Pyotr Kolbin’s most successful deal was the purchase of a 25.1% stake in the company Yamal LNG, which owned a licence for the giant Yuzhno-Tambeyskoye gas field. Until spring 2009, the share package was the property of Gazprombank. In April, the bank sold it to an unnamed buyer for RUB 2.6 billion – around $79 million at the then exchange rate, or nearly $90 million in 2010, when Kolbin was revealed as the new owner of the blocking stake. Analysts noted that Gazprombank offloaded the valuable asset at a knockdown price.

As for Kolbin, he withdrew from Yamal LNG in 2011, having sold his shares to Novatek for a rather healthier $526 million. The deal made him one of Russia’s richest businessmen, and he still sits in 149th place in the Forbes list with an estimated fortune of $550 million.

In the early 2000s Kolbin also owned oil trader Surgutex, which sold significant volumes of oil and petroleum products for Surgutneftegaz abroad and oversaw equipment supplies for Gazprom.

Okay, so where is this leading?

Pyotr Kolbin’s childhood friends included not only Gennady Timchenko, but the future president Vladimir Putin. It was reported that Kolbin and Putin’s fathers, Viktor and Vladimir, met in 1954 in the village of Imenitsy in the Leningrad region, where Viktor Kolbin was headmaster of the school and the Putin family was renting a cottage for the summer. Both men were former frontline soldiers, and both had been injured at the Siege of Leningrad. Their sons also became friends. They grew up together, went to the village disco, and even scrapped with the local bullies. This information comes from an interview with Viktor Kolbin for a local newspaper. In 2000, Kolbin Sr. received a personal letter from the newly elected President Putin, in which he thanked the now provincial pensioner for the memories he had of his parents. A copy is still kept in the village school of Yasny in the Arkhangelsk region, where Victor Kolbin moved in the 1970s. Putin’s spokesman Dmitry Peskov says that he has never heard Kolbin’s name mentioned among the head of state’s friends. Former Gunvor shareholder Gennady Timchenko declined to answer questions about Pyotr Kolbin, while the man himself was unavailable for comment.

And?

In December 2015, Gennady Timchenko and Pyotr Kolbin (or two namesakes) sold three apartments in elite areas of Moscow and St Petersburg. According to the Unified State Register, title to the properties was transferred last year from Timchenko and Kolbin to one Anna Zatsepilina, the grandmother of Alina Kabaeva, the National Media Group chair and Olympic gymnastics champion, who has been linked romantically with the president. Two of the apartments were situated on Moscow’s Arbat, while the third had a view of the Peter and Paul Cathedral in central St Petersburg. Nice real estate.

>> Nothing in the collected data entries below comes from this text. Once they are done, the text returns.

lemma expectation_remark_counts_pmf_pair:
  "measure_pmf.expectation (remark_counts_pmf A x)
       (\<lambda>Z. real (Z j i) * real (Z l k) - of_bool (j = l \<and> i = k) * real (Z j i)) =
     A i j * A k l * (real (x j) * real (x l) - of_bool (j = l) * real (x j))"
proof (cases "j = l")
  case True
  have "measure_pmf.expectation (remark_counts_pmf A x)
       (\<lambda>Z. real (Z j i) * real (Z j k) - of_bool (i = k) * real (Z j i)) =
     real (x j) * (real (x j) - 1) * A i j * A k j"
    by (subst expectation_remark_counts_pmf_component)
       (rule expectation_multi_pmf_factorial_moment2[of "\<lambda>i. A i j", OF A_nonneg A_col])
  then show ?thesis
    using True by (simp add: algebra_simps)
next
  case False
  define f where "f m = (\<lambda>z :: 'c \<Rightarrow> nat. real (z (if m = j then i else k)))" for m
  have "measure_pmf.expectation (remark_counts_pmf A x) (\<lambda>Z. real (Z j i) * real (Z l k)) =
      measure_pmf.expectation (remark_counts_pmf A x) (\<lambda>Z. \<Prod>m\<in>{j, l}. f m (Z m))"
    using False by (simp add: f_def)
  also have "\<dots> = (\<Prod>m\<in>{j, l}. measure_pmf.expectation (multi_pmf (x m) (\<lambda>i. A i m)) (f m))"
    unfolding remark_counts_pmf_def
    by (rule expectation_prod_Pi_pmf_integrable) (auto intro: integrable_measure_pmf_finite finite_set_multi_pmf)
  also have "\<dots> = A i j * A k l * (real (x j) * real (x l))"
    using False by (simp add: f_def expectation_multi_pmf_count[of "\<lambda>i. A i _", OF A_nonneg A_col])
  finally show ?thesis
    using False by simp
qed

lemma expectation_remark_counts_pmf_factorial_moment2:
  "measure_pmf.expectation (remark_counts_pmf A x)
       (\<lambda>Z. real (\<Sum>j\<in>UNIV. Z j i) * real (\<Sum>j\<in>UNIV. Z j k) - of_bool (i = k) * real (\<Sum>j\<in>UNIV. Z j i)) =
     (\<Sum>j\<in>UNIV. \<Sum>l\<in>UNIV. A i j * (real (x j) * real (x l) - of_bool (j = l) * real (x j)) * A k l)"
proof -
  have "real (\<Sum>j\<in>UNIV. Z j i) * real (\<Sum>j\<in>UNIV. Z j k) - of_bool (i = k) * real (\<Sum>j\<in>UNIV. Z j i) =
      (\<Sum>j\<in>UNIV. \<Sum>l\<in>UNIV. real (Z j i) * real (Z l k) - of_bool (j = l \<and> i = k) * real (Z j i))"
    for Z :: "'d \<Rightarrow> 'c \<Rightarrow> nat"
  proof -
    have "(\<Sum>l\<in>UNIV. of_bool (j = l \<and> i = k) * real (Z j i)) = of_bool (i = k) * real (Z j i)" for j
      by (cases "i = k") auto
    moreover have "real (\<Sum>j\<in>UNIV. Z j i) * real (\<Sum>j\<in>UNIV. Z j k) =
        (\<Sum>j\<in>UNIV. \<Sum>l\<in>UNIV. real (Z j i) * real (Z l k))"
      by (simp add: sum_product)
    ultimately show ?thesis
      by (simp add: sum_subtractf sum_distrib_left)
  qed
  then have "measure_pmf.expectation (remark_counts_pmf A x)
       (\<lambda>Z. real (\<Sum>j\<in>UNIV. Z j i) * real (\<Sum>j\<in>UNIV. Z j k) - of_bool (i = k) * real (\<Sum>j\<in>UNIV. Z j i)) =
     (\<Sum>j\<in>UNIV. \<Sum>l\<in>UNIV. measure_pmf.expectation (remark_counts_pmf A x)
       (\<lambda>Z. real (Z j i) * real (Z l k) - of_bool (j = l \<and> i = k) * real (Z j i)))"
    by (simp only: Bochner_Integration.integral_sum integrable_remark_counts_pmf)
  also have "\<dots> = (\<Sum>j\<in>UNIV. \<Sum>l\<in>UNIV. A i j * (real (x j) * real (x l) - of_bool (j = l) * real (x j)) * A k l)"
    unfolding expectation_remark_counts_pmf_pair by (simp only: mult_ac)
  finally show ?thesis .
qed

lemma expectation_remark_counts_pmf_fmgf:
  "measure_pmf.expectation (remark_counts_pmf A x) (\<lambda>Z. \<Prod>i\<in>UNIV. (1 + t i) ^ (\<Sum>j\<in>UNIV. Z j i)) =
     (\<Prod>j\<in>UNIV. (1 + (\<Sum>i\<in>UNIV. A i j * t i)) ^ x j)"
proof -
  have "(\<Prod>i\<in>UNIV. (1 + t i) ^ (\<Sum>j\<in>UNIV. Z j i)) = (\<Prod>j\<in>UNIV. \<Prod>i\<in>UNIV. (1 + t i) ^ Z j i)"
    for Z :: "'d \<Rightarrow> 'c \<Rightarrow> nat"
    unfolding power_sum by (rule prod.swap)
  then have "measure_pmf.expectation (remark_counts_pmf A x) (\<lambda>Z. \<Prod>i\<in>UNIV. (1 + t i) ^ (\<Sum>j\<in>UNIV. Z j i)) =
      (\<Prod>j\<in>UNIV. measure_pmf.expectation (multi_pmf (x j) (\<lambda>i. A i j)) (\<lambda>z. \<Prod>i\<in>UNIV. (1 + t i) ^ z i))"
    unfolding remark_counts_pmf_def
    by (simp only:)
       (rule expectation_prod_Pi_pmf_integrable, auto intro: integrable_measure_pmf_finite finite_set_multi_pmf)
  also have "\<dots> = (\<Prod>j\<in>UNIV. (1 + (\<Sum>i\<in>UNIV. A i j * t i)) ^ x j)"
    by (simp only: expectation_multi_pmf_fmgf[of "\<lambda>i. A i _", OF A_nonneg A_col])
  finally show ?thesis .
qed

end

lemma
  fixes g :: "('c::finite \<Rightarrow> nat) \<Rightarrow> real"
  assumes "\<And>y. 0 \<le> g y"
    and "integrable (measure_pmf X)
      (\<lambda>x. measure_pmf.expectation (remark_counts_pmf A x) (\<lambda>Z. g (\<lambda>i. \<Sum>j\<in>UNIV. Z j i)))"
  shows integrable_remark_pmf_nonneg: "integrable (remark_pmf A X) g"
  using assms by (simp add: remark_pmf_eq_bind_counts integrable_bind_pmf_nonneg_iff)

lemma expectation_remark_pmf:
  fixes f :: "('c::finite \<Rightarrow> nat) \<Rightarrow> real"
  assumes "integrable (remark_pmf A X) f"
  shows "measure_pmf.expectation (remark_pmf A X) f =
    measure_pmf.expectation X (\<lambda>x. measure_pmf.expectation (remark_counts_pmf A x) (\<lambda>Z. f (\<lambda>i. \<Sum>j\<in>UNIV. Z j i)))"
  using assms unfolding remark_pmf_eq_bind_counts by (simp add: integral_bind_pmf_integrable)

context
  fixes A :: "'c::finite \<Rightarrow> 'd::finite \<Rightarrow> real" and X :: "('d \<Rightarrow> nat) pmf"
  assumes A_nonneg: "\<And>i j. 0 \<le> A i j" and A_col: "\<And>j. (\<Sum>i\<in>UNIV. A i j) \<le> 1"
begin

lemma mean_remark_pmf:
  assumes "\<And>j. integrable (measure_pmf X) (\<lambda>x. real (x j))"
  shows "mean_pmf (remark_pmf A X) i = (\<Sum>j\<in>UNIV. A i j * mean_pmf X j)"
proof -
  have integrable: "integrable (remark_pmf A X) (\<lambda>y. real (y i))"
  proof (rule integrable_remark_pmf_nonneg)
    show "integrable X (\<lambda>x. measure_pmf.expectation (remark_counts_pmf A x) (\<lambda>Z. real (\<Sum>j\<in>UNIV. Z j i)))"
      unfolding expectation_remark_counts_pmf_total[OF A_nonneg A_col] using assms by simp
  qed simp
  show ?thesis
    unfolding mean_pmf_def expectation_remark_pmf[OF integrable]
      expectation_remark_counts_pmf_total[OF A_nonneg A_col]
    using assms by simp
qed

lemma square_integrable_remark_pmf:
  assumes square_integrable: "\<And>j. integrable (measure_pmf X) (\<lambda>x. (real (x j))\<^sup>2)"
  shows "integrable (remark_pmf A X) (\<lambda>y. (real (y i))\<^sup>2)"
proof (rule integrable_remark_pmf_nonneg)
  have "(real (\<Sum>j\<in>UNIV. Z j i))\<^sup>2 =
      (real (\<Sum>j\<in>UNIV. Z j i) * real (\<Sum>j\<in>UNIV. Z j i) - of_bool (i = i) * real (\<Sum>j\<in>UNIV. Z j i))
      + real (\<Sum>j\<in>UNIV. Z j i)" for Z :: "'d \<Rightarrow> 'c \<Rightarrow> nat"
    by (simp add: power2_eq_square)
  then have "measure_pmf.expectation (remark_counts_pmf A x) (\<lambda>Z. (real (\<Sum>j\<in>UNIV. Z j i))\<^sup>2) =
      (\<Sum>j\<in>UNIV. \<Sum>l\<in>UNIV. A i j * (real (x j) * real (x l) - of_bool (j = l) * real (x j)) * A i l)
      + (\<Sum>j\<in>UNIV. A i j * real (x j))" for x
    by (simp only: Bochner_Integration.integral_add integrable_remark_counts_pmf
        expectation_remark_counts_pmf_factorial_moment2[OF A_nonneg A_col]
        expectation_remark_counts_pmf_total[OF A_nonneg A_col])
  then show "integrable X (\<lambda>x. measure_pmf.expectation (remark_counts_pmf A x) (\<lambda>Z. (real (\<Sum>j\<in>UNIV. Z j i))\<^sup>2))"
    using integrable_count_if_square_integrable[OF square_integrable]
      integrable_count_mult_if_square_integrable[OF square_integrable]
    by simp
qed simp

lemma factorial_moment2_remark_pmf:
  assumes square_integrable: "\<And>j. integrable (measure_pmf X) (\<lambda>x. (real (x j))\<^sup>2)"
  shows "factorial_moment2_pmf (remark_pmf A X) i k =
    (\<Sum>j\<in>UNIV. \<Sum>l\<in>UNIV. A i j * factorial_moment2_pmf X j l * A k l)"
proof -
  note integrable_X = integrable_count_if_square_integrable[OF square_integrable]
    integrable_count_mult_if_square_integrable[OF square_integrable]
  note integrable_Y = integrable_count_if_square_integrable[OF square_integrable_remark_pmf[OF square_integrable]]
    integrable_count_mult_if_square_integrable[OF square_integrable_remark_pmf[OF square_integrable]]
  have integrable: "integrable (remark_pmf A X) (\<lambda>y. real (y i) * real (y k) - of_bool (i = k) * real (y i))"
    using integrable_Y by simp
  have "factorial_moment2_pmf (remark_pmf A X) i k = measure_pmf.expectation X
      (\<lambda>x. \<Sum>j\<in>UNIV. \<Sum>l\<in>UNIV. A i j * (real (x j) * real (x l) - of_bool (j = l) * real (x j)) * A k l)"
    unfolding factorial_moment2_pmf_def expectation_remark_pmf[OF integrable]
    by (simp only: expectation_remark_counts_pmf_factorial_moment2[OF A_nonneg A_col])
  also have "\<dots> = (\<Sum>j\<in>UNIV. \<Sum>l\<in>UNIV. A i j * factorial_moment2_pmf X j l * A k l)"
    using integrable_X by (simp add: factorial_moment2_pmf_def)
  finally show ?thesis .
qed

lemma disp_remark_pmf:
  assumes square_integrable: "\<And>j. integrable (measure_pmf X) (\<lambda>x. (real (x j))\<^sup>2)"
  shows "disp_pmf (remark_pmf A X) i k = (\<Sum>j\<in>UNIV. \<Sum>l\<in>UNIV. A i j * disp_pmf X j l * A k l)"
proof -
  have "disp_pmf (remark_pmf A X) i k =
      factorial_moment2_pmf (remark_pmf A X) i k - mean_pmf (remark_pmf A X) i * mean_pmf (remark_pmf A X) k"
    by (rule disp_pmf_eq_factorial_moment2[OF square_integrable_remark_pmf[OF square_integrable]])
  also have "\<dots> = (\<Sum>j\<in>UNIV. \<Sum>l\<in>UNIV. A i j * factorial_moment2_pmf X j l * A k l)
      - (\<Sum>j\<in>UNIV. A i j * mean_pmf X j) * (\<Sum>l\<in>UNIV. A k l * mean_pmf X l)"
    using integrable_count_if_square_integrable[OF square_integrable]
    by (simp add: factorial_moment2_remark_pmf[OF square_integrable] mean_remark_pmf)
  also have "\<dots> = (\<Sum>j\<in>UNIV. \<Sum>l\<in>UNIV. A i j * (factorial_moment2_pmf X j l - mean_pmf X j * mean_pmf X l) * A k l)"
    by (simp add: sum_product sum_subtractf algebra_simps)
  also have "\<dots> = (\<Sum>j\<in>UNIV. \<Sum>l\<in>UNIV. A i j * disp_pmf X j l * A k l)"
    by (simp add: disp_pmf_eq_factorial_moment2[OF square_integrable])
  finally show ?thesis .
qed

lemma fmgf_remark_pmf:
  assumes "integrable (remark_pmf A X) (\<lambda>y. \<Prod>i\<in>UNIV. (1 + t i) ^ y i)"
  shows "fmgf_pmf (remark_pmf A X) t = fmgf_pmf X (\<lambda>j. \<Sum>i\<in>UNIV. A i j * t i)"
  unfolding fmgf_pmf_def expectation_remark_pmf[OF assms]
  by (simp only: expectation_remark_counts_pmf_fmgf[OF A_nonneg A_col])

end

And that’s not the only luxury real estate allegedly signed over to Zatsepilina of late. In March 2016, Reuters published an article about Arkady Rotenberg’s partner Gregory Baevsky, who, journalists claim, transferred or sold property to several women “associated with President Vladimir Putin.”

The French would say, cherchez la femme; in English, we’d probably just say, follow the money.